Looking through the records that follow, determine how many lines contain "operator" and reply with that number alone.

+ + + +

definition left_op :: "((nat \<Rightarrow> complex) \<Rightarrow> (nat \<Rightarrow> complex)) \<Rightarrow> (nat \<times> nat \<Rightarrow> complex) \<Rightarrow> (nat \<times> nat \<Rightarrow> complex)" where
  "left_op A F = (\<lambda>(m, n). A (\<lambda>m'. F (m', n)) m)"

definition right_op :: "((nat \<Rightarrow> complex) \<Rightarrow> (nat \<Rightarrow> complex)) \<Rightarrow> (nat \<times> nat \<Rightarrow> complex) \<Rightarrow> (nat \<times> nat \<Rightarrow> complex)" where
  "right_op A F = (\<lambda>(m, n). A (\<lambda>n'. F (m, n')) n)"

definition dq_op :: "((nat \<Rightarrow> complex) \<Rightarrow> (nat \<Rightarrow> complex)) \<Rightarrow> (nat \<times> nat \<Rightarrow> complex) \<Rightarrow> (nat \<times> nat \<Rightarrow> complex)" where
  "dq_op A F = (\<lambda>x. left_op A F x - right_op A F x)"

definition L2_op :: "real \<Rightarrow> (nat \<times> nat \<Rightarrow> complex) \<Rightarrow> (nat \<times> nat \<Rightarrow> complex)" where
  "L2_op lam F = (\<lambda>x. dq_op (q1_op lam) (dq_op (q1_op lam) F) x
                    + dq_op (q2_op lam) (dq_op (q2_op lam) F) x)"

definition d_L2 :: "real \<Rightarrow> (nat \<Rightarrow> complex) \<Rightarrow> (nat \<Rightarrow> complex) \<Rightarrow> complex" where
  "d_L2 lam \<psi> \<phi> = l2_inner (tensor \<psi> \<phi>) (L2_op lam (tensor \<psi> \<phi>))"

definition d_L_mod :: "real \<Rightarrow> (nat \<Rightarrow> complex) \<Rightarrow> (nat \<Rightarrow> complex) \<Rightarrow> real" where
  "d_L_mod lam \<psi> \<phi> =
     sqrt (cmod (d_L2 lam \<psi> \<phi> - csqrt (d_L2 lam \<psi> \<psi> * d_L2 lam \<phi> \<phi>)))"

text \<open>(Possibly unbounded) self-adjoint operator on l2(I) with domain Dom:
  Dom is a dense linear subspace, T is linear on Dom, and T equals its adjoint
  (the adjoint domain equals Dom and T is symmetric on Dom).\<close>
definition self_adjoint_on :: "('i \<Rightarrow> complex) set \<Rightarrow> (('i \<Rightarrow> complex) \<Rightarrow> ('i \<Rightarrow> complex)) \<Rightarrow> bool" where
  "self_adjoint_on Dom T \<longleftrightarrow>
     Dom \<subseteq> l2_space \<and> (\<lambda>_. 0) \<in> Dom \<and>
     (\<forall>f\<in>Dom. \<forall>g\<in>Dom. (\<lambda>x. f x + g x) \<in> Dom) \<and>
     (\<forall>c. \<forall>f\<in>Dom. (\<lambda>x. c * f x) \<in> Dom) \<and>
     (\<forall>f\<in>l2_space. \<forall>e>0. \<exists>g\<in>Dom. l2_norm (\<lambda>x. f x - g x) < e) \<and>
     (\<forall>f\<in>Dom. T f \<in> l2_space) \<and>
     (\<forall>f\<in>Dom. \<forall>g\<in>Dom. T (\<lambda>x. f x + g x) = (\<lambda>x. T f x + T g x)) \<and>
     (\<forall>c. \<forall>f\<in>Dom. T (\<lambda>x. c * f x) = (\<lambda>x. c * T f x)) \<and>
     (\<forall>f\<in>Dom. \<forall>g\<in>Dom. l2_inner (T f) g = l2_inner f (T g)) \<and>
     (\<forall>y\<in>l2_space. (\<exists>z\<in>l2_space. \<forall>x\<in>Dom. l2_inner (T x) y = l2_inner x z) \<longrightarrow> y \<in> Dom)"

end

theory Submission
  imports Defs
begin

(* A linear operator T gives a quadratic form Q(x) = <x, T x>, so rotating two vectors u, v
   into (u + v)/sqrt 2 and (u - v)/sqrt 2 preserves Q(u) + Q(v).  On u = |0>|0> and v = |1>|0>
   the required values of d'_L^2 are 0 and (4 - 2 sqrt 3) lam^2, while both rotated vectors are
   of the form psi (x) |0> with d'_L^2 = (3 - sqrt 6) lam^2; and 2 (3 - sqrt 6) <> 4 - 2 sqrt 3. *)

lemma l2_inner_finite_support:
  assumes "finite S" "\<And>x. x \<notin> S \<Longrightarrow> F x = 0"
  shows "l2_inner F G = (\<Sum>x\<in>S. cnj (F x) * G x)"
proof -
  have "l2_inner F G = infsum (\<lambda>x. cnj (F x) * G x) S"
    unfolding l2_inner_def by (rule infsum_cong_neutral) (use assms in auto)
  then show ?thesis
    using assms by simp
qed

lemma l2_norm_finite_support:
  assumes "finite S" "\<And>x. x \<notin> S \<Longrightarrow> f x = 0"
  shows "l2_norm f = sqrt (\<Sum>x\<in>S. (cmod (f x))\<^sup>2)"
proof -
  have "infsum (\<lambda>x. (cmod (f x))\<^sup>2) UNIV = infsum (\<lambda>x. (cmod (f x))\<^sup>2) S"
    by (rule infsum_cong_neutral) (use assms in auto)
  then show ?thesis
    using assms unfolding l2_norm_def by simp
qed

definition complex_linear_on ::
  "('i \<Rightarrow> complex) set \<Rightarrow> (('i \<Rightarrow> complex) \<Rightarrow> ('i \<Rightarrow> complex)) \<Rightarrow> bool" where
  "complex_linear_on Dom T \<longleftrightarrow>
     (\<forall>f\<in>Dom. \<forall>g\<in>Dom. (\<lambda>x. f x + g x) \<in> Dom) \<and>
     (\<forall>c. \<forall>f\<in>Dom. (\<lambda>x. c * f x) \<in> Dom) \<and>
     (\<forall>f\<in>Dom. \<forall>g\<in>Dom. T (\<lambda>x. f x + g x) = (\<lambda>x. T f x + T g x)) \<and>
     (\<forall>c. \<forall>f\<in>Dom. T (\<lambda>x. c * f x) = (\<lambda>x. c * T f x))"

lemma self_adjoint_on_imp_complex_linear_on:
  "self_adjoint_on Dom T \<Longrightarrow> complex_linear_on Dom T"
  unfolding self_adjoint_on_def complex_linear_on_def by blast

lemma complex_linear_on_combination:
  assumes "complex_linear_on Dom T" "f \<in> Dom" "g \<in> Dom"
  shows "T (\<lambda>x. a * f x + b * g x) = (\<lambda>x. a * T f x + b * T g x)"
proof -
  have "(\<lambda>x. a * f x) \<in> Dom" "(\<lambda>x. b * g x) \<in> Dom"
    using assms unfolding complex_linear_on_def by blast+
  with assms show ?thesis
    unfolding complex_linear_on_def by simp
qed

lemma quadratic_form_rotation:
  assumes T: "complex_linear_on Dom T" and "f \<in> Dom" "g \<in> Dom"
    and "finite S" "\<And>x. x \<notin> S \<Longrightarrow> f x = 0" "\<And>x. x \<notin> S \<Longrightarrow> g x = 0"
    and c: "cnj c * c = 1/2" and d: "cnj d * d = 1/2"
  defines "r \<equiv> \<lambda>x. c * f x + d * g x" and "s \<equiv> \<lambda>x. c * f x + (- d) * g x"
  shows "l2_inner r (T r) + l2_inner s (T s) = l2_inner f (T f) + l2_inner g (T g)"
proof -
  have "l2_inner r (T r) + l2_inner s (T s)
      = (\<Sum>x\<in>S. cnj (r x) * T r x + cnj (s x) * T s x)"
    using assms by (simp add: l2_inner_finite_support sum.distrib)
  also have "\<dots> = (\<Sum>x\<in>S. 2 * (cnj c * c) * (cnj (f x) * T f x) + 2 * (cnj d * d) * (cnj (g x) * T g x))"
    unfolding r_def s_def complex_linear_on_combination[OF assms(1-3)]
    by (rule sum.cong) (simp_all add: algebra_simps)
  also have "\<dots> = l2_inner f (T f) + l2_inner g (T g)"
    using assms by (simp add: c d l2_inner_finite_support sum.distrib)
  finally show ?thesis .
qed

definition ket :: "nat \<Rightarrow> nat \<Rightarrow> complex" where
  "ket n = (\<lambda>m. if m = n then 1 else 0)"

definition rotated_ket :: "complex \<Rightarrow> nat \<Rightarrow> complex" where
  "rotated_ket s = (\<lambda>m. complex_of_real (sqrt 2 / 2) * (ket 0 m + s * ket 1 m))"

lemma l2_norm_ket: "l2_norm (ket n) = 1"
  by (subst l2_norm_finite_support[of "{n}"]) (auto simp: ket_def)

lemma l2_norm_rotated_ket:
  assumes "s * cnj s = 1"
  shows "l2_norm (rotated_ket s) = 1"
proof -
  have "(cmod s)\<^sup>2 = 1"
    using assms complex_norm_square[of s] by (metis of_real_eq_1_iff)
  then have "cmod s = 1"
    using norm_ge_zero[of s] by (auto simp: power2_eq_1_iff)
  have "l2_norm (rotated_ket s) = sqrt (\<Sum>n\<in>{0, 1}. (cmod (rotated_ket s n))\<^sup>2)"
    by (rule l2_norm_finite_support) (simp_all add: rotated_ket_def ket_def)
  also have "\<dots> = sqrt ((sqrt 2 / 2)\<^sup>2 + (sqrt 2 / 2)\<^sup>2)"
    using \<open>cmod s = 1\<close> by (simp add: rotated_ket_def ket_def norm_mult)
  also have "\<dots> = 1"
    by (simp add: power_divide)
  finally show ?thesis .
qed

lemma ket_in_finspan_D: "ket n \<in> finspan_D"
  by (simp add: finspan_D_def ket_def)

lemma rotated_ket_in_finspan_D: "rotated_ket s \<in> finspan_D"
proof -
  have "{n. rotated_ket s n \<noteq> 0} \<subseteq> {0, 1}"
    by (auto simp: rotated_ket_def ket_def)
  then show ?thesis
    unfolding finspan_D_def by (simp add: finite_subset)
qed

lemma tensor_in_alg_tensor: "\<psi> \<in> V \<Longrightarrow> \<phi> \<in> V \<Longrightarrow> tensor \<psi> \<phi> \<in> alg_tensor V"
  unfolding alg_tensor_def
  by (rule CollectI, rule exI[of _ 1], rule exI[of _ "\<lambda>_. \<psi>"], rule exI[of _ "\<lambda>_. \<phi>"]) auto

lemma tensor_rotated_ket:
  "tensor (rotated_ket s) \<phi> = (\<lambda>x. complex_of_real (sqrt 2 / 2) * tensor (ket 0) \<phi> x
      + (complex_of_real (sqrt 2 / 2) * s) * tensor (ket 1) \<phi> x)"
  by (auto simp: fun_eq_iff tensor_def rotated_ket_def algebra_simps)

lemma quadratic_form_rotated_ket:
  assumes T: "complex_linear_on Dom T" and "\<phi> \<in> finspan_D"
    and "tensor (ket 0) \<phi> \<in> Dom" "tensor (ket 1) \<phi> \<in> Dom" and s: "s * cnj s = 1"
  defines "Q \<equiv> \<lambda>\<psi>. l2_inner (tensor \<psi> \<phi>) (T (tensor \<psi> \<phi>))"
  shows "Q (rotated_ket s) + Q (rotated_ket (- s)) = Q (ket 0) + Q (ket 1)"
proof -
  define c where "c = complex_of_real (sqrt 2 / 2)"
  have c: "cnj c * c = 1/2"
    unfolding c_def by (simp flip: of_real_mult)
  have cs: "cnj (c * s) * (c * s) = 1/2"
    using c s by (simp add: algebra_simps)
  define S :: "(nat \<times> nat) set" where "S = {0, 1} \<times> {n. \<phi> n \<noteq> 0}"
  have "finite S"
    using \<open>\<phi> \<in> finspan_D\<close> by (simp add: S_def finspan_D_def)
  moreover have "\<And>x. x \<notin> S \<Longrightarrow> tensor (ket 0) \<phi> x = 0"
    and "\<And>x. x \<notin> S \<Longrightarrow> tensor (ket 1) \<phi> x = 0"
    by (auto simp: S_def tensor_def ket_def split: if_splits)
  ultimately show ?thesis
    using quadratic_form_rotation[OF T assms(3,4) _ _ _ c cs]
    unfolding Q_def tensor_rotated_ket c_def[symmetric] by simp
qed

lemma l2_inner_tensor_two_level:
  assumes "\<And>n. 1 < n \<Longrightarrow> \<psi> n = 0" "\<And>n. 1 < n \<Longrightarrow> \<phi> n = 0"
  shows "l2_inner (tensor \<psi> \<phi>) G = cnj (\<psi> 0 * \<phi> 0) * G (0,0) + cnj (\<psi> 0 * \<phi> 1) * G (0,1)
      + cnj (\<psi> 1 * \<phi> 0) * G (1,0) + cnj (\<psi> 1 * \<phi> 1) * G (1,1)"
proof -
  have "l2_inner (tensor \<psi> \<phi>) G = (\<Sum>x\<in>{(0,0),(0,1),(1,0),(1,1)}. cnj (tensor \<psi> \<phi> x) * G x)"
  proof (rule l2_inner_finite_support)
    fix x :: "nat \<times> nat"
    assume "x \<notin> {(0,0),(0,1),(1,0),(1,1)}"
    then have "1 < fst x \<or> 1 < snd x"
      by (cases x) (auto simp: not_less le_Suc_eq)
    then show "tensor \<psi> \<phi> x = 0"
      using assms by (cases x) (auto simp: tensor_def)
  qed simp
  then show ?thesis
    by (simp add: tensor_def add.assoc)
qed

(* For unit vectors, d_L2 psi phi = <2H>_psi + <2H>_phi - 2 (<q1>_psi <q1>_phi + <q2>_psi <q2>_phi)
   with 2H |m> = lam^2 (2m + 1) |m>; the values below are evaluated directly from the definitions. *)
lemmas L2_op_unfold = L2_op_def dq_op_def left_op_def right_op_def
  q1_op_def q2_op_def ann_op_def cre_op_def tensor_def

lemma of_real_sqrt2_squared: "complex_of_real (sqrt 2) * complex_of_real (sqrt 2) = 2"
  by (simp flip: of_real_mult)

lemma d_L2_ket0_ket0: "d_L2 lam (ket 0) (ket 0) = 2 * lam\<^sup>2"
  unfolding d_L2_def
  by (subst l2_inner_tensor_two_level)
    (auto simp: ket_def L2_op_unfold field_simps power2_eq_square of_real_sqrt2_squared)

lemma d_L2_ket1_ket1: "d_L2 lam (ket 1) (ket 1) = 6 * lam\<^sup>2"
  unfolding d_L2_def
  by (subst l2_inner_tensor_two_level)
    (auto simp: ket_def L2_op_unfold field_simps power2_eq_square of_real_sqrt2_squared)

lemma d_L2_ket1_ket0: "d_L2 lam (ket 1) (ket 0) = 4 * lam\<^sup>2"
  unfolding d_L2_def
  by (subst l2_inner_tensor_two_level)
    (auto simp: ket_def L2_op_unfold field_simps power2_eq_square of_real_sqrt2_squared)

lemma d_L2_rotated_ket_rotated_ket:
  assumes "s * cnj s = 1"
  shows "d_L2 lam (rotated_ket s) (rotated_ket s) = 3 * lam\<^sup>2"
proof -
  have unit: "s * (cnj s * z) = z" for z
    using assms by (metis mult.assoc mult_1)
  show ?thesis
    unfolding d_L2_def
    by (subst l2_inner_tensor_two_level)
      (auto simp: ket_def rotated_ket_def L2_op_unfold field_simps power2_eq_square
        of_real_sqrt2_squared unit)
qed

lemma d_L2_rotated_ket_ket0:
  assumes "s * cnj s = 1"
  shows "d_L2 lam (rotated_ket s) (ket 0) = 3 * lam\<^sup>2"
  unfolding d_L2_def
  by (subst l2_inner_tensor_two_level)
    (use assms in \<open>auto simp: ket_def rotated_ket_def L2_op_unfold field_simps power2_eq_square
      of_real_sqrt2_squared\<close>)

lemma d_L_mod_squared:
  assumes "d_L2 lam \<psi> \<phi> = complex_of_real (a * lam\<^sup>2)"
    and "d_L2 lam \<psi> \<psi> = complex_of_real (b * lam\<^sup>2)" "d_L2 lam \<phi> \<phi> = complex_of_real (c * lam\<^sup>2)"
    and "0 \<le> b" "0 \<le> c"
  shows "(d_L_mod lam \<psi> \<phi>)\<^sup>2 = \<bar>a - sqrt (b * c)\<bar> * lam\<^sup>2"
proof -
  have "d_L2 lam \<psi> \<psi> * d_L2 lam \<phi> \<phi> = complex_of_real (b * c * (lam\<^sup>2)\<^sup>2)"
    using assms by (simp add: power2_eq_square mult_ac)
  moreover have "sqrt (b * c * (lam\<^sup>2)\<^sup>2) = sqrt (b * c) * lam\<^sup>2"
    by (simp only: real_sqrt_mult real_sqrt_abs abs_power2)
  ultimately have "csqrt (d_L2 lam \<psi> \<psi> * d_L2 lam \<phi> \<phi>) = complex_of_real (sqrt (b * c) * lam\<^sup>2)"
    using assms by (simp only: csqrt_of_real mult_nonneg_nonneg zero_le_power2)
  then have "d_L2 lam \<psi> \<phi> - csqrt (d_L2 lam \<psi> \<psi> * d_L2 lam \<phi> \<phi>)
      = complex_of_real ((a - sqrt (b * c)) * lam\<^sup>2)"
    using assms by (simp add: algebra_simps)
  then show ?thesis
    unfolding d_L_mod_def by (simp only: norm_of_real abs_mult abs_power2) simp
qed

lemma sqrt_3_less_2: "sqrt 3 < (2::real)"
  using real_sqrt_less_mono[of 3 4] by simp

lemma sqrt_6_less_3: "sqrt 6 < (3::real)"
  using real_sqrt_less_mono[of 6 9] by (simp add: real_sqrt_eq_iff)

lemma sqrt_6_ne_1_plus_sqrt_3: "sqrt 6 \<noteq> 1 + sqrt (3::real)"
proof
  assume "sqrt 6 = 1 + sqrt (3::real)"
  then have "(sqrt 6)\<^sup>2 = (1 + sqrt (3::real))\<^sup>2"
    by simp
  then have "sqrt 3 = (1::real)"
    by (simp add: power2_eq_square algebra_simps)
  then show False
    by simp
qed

+ + + +

▶ ANSWER BOX: 2